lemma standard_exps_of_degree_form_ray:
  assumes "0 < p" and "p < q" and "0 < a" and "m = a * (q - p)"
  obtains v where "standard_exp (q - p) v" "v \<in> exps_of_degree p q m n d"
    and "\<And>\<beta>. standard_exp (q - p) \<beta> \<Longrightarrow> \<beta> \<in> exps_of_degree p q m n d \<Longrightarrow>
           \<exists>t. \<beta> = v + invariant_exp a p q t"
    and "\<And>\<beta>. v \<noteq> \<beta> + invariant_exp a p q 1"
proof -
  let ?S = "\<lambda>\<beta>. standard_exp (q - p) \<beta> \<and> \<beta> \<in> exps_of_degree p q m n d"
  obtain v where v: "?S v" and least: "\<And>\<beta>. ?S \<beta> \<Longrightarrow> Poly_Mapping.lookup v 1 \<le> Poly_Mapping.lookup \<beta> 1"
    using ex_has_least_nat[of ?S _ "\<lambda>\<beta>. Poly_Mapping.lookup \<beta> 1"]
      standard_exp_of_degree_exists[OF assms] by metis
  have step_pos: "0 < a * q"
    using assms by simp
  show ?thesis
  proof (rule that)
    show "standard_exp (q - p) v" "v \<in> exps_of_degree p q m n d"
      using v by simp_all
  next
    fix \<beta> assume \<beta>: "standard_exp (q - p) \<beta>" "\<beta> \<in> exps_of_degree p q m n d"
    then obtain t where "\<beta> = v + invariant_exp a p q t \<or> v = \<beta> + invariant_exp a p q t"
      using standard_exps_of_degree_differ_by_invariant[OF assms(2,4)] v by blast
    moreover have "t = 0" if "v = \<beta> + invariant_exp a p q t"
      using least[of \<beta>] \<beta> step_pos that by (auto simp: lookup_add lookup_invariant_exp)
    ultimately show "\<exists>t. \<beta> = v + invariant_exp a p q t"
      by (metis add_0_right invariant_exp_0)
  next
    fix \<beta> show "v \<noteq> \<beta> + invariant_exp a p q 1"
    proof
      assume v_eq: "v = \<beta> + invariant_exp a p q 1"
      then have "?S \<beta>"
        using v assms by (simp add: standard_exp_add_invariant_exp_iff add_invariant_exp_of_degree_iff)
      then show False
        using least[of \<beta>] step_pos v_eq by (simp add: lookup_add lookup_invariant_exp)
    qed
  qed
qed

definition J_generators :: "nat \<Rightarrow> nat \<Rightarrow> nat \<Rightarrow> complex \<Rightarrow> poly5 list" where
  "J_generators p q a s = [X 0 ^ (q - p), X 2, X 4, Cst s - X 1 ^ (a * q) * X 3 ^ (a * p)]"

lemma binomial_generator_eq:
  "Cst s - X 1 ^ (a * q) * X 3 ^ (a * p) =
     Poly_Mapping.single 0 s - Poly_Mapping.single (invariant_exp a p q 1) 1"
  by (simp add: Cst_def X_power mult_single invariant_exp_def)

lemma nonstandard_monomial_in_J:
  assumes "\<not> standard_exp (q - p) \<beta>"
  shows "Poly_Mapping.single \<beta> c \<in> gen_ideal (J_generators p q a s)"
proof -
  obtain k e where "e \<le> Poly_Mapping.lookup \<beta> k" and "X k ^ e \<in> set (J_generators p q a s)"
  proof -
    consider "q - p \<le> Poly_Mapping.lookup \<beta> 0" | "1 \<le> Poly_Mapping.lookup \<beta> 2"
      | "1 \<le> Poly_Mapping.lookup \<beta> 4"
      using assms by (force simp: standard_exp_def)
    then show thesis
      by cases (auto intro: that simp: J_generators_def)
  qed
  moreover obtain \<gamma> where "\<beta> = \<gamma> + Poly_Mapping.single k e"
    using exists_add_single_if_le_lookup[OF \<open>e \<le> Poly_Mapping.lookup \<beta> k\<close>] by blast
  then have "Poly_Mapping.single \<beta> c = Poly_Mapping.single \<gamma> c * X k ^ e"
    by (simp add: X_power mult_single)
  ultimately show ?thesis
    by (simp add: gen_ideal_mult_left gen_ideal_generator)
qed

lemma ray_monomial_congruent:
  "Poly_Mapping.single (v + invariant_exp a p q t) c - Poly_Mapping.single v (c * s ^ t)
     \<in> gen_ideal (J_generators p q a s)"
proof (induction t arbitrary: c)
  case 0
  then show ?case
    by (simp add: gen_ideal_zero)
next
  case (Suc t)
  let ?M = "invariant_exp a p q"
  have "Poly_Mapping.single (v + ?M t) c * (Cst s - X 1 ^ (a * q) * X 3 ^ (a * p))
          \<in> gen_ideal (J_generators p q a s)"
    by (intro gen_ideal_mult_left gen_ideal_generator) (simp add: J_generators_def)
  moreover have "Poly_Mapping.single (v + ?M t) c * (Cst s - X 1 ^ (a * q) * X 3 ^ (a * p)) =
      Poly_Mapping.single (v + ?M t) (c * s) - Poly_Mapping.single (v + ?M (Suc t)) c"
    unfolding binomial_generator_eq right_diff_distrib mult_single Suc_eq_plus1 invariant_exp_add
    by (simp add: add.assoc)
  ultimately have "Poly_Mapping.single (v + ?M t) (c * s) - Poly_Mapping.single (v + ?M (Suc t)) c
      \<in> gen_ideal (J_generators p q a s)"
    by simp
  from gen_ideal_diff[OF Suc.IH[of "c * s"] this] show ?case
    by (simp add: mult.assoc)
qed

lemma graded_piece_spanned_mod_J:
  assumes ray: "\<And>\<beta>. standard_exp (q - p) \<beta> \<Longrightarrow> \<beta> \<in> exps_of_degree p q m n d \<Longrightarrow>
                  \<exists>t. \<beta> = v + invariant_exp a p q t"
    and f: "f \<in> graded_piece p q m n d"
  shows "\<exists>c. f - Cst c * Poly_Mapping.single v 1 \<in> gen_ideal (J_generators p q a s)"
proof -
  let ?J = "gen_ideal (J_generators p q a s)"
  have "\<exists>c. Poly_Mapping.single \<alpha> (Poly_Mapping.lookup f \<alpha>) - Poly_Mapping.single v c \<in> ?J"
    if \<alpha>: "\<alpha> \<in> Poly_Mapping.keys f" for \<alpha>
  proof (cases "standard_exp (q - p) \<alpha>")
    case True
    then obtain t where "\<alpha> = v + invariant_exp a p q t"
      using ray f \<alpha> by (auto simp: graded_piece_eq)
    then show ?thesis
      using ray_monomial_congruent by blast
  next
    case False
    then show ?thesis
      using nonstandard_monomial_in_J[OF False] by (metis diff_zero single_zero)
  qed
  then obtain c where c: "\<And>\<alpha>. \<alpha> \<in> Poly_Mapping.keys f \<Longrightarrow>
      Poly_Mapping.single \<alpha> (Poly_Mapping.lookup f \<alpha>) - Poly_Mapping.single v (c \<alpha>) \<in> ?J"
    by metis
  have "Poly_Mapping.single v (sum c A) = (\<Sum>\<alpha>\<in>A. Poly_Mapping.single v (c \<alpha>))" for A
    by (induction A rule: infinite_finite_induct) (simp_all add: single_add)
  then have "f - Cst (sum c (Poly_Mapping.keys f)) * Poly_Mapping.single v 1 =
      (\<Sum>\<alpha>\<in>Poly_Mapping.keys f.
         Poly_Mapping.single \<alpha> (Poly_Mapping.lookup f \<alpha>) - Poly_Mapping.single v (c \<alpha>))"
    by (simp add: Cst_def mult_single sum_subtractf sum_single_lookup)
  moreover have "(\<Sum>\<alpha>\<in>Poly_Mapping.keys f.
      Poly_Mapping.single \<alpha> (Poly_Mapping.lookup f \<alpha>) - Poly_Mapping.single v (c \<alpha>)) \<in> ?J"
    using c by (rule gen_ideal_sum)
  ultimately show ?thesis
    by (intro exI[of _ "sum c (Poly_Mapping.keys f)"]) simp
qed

## Assigned task
Report all lines above with "that".

## Result of the exercise
  proof (rule that)
      using least[of \<beta>] \<beta> step_pos that by (auto simp: lookup_add lookup_invariant_exp)
      by cases (auto intro: that simp: J_generators_def)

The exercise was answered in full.